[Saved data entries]
◆ ◆ ◆
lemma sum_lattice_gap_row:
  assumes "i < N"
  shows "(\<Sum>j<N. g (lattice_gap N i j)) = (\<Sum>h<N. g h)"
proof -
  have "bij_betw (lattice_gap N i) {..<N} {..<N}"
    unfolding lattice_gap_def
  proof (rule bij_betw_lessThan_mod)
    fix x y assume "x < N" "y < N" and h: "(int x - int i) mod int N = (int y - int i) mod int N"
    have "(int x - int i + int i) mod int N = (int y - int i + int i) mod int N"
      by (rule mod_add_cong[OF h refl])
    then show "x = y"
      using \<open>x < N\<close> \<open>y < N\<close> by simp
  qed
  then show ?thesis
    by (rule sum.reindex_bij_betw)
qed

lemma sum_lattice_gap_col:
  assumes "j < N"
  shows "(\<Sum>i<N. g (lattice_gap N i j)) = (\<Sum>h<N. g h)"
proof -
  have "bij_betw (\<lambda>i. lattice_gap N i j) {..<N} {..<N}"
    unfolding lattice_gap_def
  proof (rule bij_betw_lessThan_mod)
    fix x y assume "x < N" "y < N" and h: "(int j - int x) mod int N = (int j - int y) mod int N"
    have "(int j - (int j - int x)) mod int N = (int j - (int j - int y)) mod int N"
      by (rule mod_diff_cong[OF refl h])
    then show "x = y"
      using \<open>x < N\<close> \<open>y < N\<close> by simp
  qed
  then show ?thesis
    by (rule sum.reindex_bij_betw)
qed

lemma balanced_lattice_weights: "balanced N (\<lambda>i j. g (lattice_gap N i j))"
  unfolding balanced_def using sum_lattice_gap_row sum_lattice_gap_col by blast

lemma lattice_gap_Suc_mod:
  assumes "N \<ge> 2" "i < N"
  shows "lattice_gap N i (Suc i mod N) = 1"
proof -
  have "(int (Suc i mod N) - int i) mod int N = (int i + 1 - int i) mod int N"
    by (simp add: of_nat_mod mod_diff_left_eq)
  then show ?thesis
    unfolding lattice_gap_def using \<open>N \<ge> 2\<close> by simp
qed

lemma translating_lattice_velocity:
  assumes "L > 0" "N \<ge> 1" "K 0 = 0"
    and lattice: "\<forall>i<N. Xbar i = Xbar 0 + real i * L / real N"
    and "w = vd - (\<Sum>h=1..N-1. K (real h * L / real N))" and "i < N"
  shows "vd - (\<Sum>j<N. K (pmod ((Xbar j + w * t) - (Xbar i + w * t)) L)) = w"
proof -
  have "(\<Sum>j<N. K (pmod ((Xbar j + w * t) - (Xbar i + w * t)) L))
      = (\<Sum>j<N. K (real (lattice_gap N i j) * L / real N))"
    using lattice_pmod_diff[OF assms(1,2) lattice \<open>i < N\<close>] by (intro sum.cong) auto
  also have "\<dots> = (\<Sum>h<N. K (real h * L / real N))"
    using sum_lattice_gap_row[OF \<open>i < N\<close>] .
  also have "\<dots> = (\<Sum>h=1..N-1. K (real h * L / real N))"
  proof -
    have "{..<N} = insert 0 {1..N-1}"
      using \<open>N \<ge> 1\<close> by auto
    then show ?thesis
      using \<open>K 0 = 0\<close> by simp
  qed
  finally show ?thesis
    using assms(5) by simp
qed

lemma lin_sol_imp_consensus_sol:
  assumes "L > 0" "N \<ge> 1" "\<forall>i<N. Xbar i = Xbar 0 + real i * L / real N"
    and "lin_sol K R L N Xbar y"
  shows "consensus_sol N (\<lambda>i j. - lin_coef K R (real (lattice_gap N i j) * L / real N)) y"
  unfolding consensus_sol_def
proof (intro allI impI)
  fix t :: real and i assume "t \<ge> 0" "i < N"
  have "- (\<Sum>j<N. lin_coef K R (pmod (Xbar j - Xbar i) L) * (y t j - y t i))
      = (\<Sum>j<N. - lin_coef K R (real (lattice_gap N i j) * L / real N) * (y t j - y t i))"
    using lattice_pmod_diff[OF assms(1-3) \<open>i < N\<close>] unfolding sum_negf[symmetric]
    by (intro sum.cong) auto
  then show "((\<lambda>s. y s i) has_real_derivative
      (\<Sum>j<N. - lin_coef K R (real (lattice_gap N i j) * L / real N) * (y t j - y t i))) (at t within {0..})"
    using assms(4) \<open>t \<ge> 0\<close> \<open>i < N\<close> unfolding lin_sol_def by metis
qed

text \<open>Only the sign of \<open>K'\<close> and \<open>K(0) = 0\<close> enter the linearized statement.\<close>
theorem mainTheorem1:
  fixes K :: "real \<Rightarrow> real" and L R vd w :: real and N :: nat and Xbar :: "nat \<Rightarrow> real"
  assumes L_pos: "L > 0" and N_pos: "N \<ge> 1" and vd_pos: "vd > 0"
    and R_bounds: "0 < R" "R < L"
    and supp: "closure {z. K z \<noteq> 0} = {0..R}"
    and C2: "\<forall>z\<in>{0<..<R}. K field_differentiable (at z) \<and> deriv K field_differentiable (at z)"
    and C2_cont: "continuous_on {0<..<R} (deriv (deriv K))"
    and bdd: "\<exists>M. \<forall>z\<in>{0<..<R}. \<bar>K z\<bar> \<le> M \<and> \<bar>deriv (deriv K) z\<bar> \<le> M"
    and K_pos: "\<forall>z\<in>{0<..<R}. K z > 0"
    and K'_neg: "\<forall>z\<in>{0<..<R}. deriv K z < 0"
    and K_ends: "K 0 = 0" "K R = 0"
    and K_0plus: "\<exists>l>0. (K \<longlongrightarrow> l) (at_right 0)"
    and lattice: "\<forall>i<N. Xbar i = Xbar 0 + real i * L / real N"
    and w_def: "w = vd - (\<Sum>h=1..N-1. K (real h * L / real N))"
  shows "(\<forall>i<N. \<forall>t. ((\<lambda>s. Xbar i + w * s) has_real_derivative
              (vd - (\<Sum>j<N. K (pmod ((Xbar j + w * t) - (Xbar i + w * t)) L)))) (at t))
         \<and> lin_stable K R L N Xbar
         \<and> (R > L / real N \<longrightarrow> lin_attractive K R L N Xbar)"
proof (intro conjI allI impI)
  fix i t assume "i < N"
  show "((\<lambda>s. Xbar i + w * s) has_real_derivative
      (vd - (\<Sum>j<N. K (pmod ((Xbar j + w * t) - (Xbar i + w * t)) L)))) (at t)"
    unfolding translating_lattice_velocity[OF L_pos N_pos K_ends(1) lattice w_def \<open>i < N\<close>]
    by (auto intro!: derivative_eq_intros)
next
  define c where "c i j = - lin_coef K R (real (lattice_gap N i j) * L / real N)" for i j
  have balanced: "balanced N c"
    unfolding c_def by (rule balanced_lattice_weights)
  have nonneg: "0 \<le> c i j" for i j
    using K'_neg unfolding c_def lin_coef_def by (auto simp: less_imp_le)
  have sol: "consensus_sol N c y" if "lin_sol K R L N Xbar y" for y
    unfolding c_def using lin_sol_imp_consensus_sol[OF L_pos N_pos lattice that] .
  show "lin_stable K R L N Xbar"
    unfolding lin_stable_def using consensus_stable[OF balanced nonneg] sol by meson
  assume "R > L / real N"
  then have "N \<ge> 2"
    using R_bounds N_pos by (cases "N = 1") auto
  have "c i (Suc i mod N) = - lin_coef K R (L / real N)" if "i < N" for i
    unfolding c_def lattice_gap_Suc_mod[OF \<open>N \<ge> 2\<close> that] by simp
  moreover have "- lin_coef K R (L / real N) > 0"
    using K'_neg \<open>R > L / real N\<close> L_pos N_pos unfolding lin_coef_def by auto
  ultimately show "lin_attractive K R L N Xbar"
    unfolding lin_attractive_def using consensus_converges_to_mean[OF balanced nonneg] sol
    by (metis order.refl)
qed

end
◆ ◆ ◆
Look above for the line holding "using lattice_pmod_diff[OF assms(1,2)" and the line holding "(\<Sum>j<N. lin_coef K". Retype both, and every line between them, word for word and nothing else.

> **Exercise solution**
    using lattice_pmod_diff[OF assms(1,2) lattice \<open>i < N\<close>] by (intro sum.cong) auto
  also have "\<dots> = (\<Sum>h<N. K (real h * L / real N))"
    using sum_lattice_gap_row[OF \<open>i < N\<close>] .
  also have "\<dots> = (\<Sum>h=1..N-1. K (real h * L / real N))"
  proof -
    have "{..<N} = insert 0 {1..N-1}"
      using \<open>N \<ge> 1\<close> by auto
    then show ?thesis
      using \<open>K 0 = 0\<close> by simp
  qed
  finally show ?thesis
    using assms(5) by simp
qed

lemma lin_sol_imp_consensus_sol:
  assumes "L > 0" "N \<ge> 1" "\<forall>i<N. Xbar i = Xbar 0 + real i * L / real N"
    and "lin_sol K R L N Xbar y"
  shows "consensus_sol N (\<lambda>i j. - lin_coef K R (real (lattice_gap N i j) * L / real N)) y"
  unfolding consensus_sol_def
proof (intro allI impI)
  fix t :: real and i assume "t \<ge> 0" "i < N"
  have "- (\<Sum>j<N. lin_coef K R (pmod (Xbar j - Xbar i) L) * (y t j - y t i))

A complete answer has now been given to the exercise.